Now, enter the x values in L1 & the corresponding probabilities in L2.  

This will give you   m = .75  and   s = .68.

~Round-off rule:  One should only round-off at the end of a calculation, since, if you don’t, your answers will be far off in many cases.

~At the end, we usually round-off our answers to one more place than the original data for x. Hence, m= .8 and s = .7 would be fine here.

~Unusual results:  Recall, more than 2 standard deviations on either side of the mean is a guideline.
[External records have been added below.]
(* Assume the Low-Rank MDP satisfies $\eta$-reachability for some $\eta>0$. Fix $h\in[H-1]$, $C\ge1$, $\varepsilon\le\eta/2$. Let $\Psi=\{\pi_1,\dots,\pi_d\}\subseteq\Pi_{\mathrm{M}}$ be such that $\{\phi^{\star,\pi_i}_h\}_{i\in[d]}$ is a $(C,\varepsilon)$-approximate barycentric spanner for $\mathcal{W}_h=\{\phi^{\star,\pi}_h:\pi\in\Pi_{\mathrm{M}}\}$. Then $\Psi$ is a $(\frac{1}{2dC},0)$-policy cover for layer $h+1$, i.e. $\max_{\pi\in\Psi}d^\pi(x)\ge\frac{1}{2dC}\sup_{\pi'\in\Pi_{\mathrm{M}}}d^{\pi'}(x)$ for every $x\in\mathcal{X}_{h+1}$.
   Context: Setting (Low-Rank MDP). Fix horizon $H\in\mathbb{N}$, dimension $d\in\mathbb{N}$, a finite action set $\mathcal{A}$ with $|\mathcal{A}|=A$, and a measurable state space $\mathcal{X}=\mathcal{X}_1\sqcup\cdots\sqcup\mathcal{X}_H$ (disjoint layers) carrying a $\sigma$-finite measure $\nu$. The MDP $\mathcal{M}$ has an initial distribution $\rho$ on $\mathcal{X}_1$ and, for each $h\in[H-1]$, measurable maps $\phi^\star_h:\mathcal{X}_h\times\mathcal{A}\to\mathbb{R}^d$ and $\mu^\star_{h+1}:\mathcal{X}_{h+1}\to\mathbb{R}^d$ such that for every $(x,a)\in\mathcal{X}_h\times\mathcal{A}$ the function $x'\mapsto\mu^\star_{h+1}(x')^\top\phi^\star_h(x,a)$ is a probability density w.r.t. $\nu$ on $\mathcal{X}_{h+1}$; this density is the transition kernel $T_h(\cdot\mid x,a)$. $\Pi_{\mathrm{M}}$ denotes the set of randomized Markov policies $\pi:\mathcal{X}\to\Delta(\mathcal{A})$; an episode under $\pi$ draws $x_1\sim\rho$, $a_h\sim\pi(x_h)$, $x_{h+1}\sim T_h(\cdot\mid x_h,a_h)$, and $\mathbb{P}^\pi,\mathbb{E}^\pi$ denote the law and expectation of the trajectory. For $h\ge2$ and $x\in\mathcal{X}_h$, $d^\pi(x)$ denotes the density w.r.t. $\nu$ of the law of $x_h$ under $\pi$ (so $d^\pi(x)=\mu^\star_h(x)^\top\mathbb{E}^\pi[\phi^\star_{h-1}(x_{h-1},a_{h-1})]$). Normalization: $\|\phi^\star_h(x,a)\|\le 1$ for all $h,x,a$, and $\|\int_{\mathcal{X}_h}\mu^\star_h(x)g(x)\,d\nu(x)\|\le\sqrt d$ for every measurable $g:\mathcal{X}_h\to[0,1]$. Here $\|\cdot\|$ is the Euclidean norm. Notation: $\phi^{\star,\pi}_h:=\mathbb{E}^\pi[\phi^\star_h(x_h,a_h)]$. $\eta$-reachability: for all $h\in\{2,\dots,H\}$ and $x\in\mathcal{X}_h$, $\sup_{\pi\in\Pi_{\mathrm{M}}}d^\pi(x)\ge\eta\|\mu^\star_h(x)\|$. Barycentric spanner: given $\mathcal{W}\subseteq\mathbb{R}^d$ spanning $\mathbb{R}^d$, $\{w_1,\dots,w_d\}\subseteq\mathcal{W}$ is a $(C,\varepsilon)$-approximate barycentric spanner for $\mathcal{W}$ if for every $w\in\mathcal{W}$ there are $\beta_1,\dots,\beta_d\in[-C,C]$ with $\|w-\sum_i\beta_iw_i\|\le\varepsilon$. *)

theory Defs
  imports "HOL-Probability.Probability"
begin
lemma dtrans_cong:
  assumes symE: "\<And>x y. E x y \<Longrightarrow> E y x"
    and agree: "\<And>z. z \<in> F \<or> (\<exists>x\<in>F. E x z) \<Longrightarrow> c1 z = c2 z"
  shows "dtrans E D c1 F = dtrans E D c2 F"
proof -
  let ?N = "incident_edges E F"
  have restrict: "trans_edges E D d1 \<inter> ?N = trans_edges E D d2 \<inter> ?N"
    if d_agree: "\<And>z. z \<in> F \<or> (\<exists>x\<in>F. E x z) \<Longrightarrow> d1 z = d2 z" for d1 d2
  proof -
    have "e \<in> trans_edges E D d1 \<longleftrightarrow> e \<in> trans_edges E D d2" if "e \<in> ?N" for e
    proof -
      obtain x y where xy: "e = {x, y}" "x \<in> F" "E x y"
        using \<open>e \<in> ?N\<close> unfolding incident_edges_def by blast
      then have "d1 x = d2 x" "d1 y = d2 y" using d_agree by blast+
      then show ?thesis unfolding xy(1) using doubleton_in_trans_edges_iff[where E=E, OF symE] by simp
    qed
    then show ?thesis by blast
  qed
  have "dtrans E D c F
      = surplus (trans_edges E D c \<inter> ?N) (trans_edges E D (flip c F) \<inter> ?N)" for c
    unfolding dtrans_eq_surplus by (rule surplus_restrict[OF trans_edges_flip_diff_subset[where E=E, OF symE]])
  moreover have "trans_edges E D c1 \<inter> ?N = trans_edges E D c2 \<inter> ?N"
    "trans_edges E D (flip c1 F) \<inter> ?N = trans_edges E D (flip c2 F) \<inter> ?N"
    using agree by (intro restrict; auto simp: flip_def)+
  ultimately show ?thesis by simp
qed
This is know as the range rule of thumb.

~Note:  In the example we just covered, x=3 (3 defective bulbs when sampling 3) is unusual to get.

~Using probabilities to test for unusual results: Be careful here, low probabilities do not necessarily mean results are unusual.

~Ex: a coin is flipped 1000 times. The # of heads observed was 501, however, P(exactly 501 heads in 1000 ) is approx. .03.(will do later)

~Note: Better to say  at least 501 heads. That probability is roughly .49 (will do later)

~Note: So, keep this in mind, when using a probability to determine whether or not an event is unusual. Generally speaking, when
probabilities come out .05 or less for an event, we usually conclude that the event is unusual (taking into account the situation  described)

~Expected value:  Also called Mathematical expectation, or Theoretical mean or Theoretical return.    (Symbolized by E)

~Let x₁,x₂,..., x_k  be outcomes with probabilities of P(x₁), P(x₂), ..., P(x_k), then E=x₁P(x₁)+x₂P(x₂)+...+x_kP(x_k)= ∑xP(x)=m

~Note:  So, the expected value is just the mean of the probability distribution.

~Ex:  You roll a die. If a 1 appears, you are paid $5, if a 2 appears, you must pay $7, if a 3 appears, you  collect $3, if a 4 appears, you
collect $10, if a 5 appears, you must pay $5, if a 6 appears, you collect $2. What is the expected value? Would you  pay $2 to play?

Ans:  $1.33, NO

~Binomial Probability distributions: There is a 2 outcome category (yes, no),(girl, boy),(success, failure), & so on.

~Note: Must meet all of the following: 1) n=# of trials is fixed, 2) each trial is independent of the others, 3) probabilities stay the same for each

~Binomial Probability formula:  Let r=# of successes, p=probability of a success, q= probability of a failure. (note that q=1-p)

Then, P( r ) = nCr (p)^r( q )^(n-r).

~Ex: If the probability of a girl baby born is .6, find the probability of a family of 6 having 4 girls.

~Let having a girl be a success, then  P(4)= 6C4 (.6)⁴(.4)²= .31104.  
TI-83 will get it for us: 2nd, VARS, binompdr(, insert n,p,r, Enter.
                                                                                                                                          
~Note: These types of problems are called Bernoulli trials.  
(technically, a Bernoulli trial consists a single success or failure, indicated by a 0 & 1, along with their probabilities)
       Also, nCr is denoted as  (      ) , where n & r are  
      written in a column (where r is under n), in many textbooks.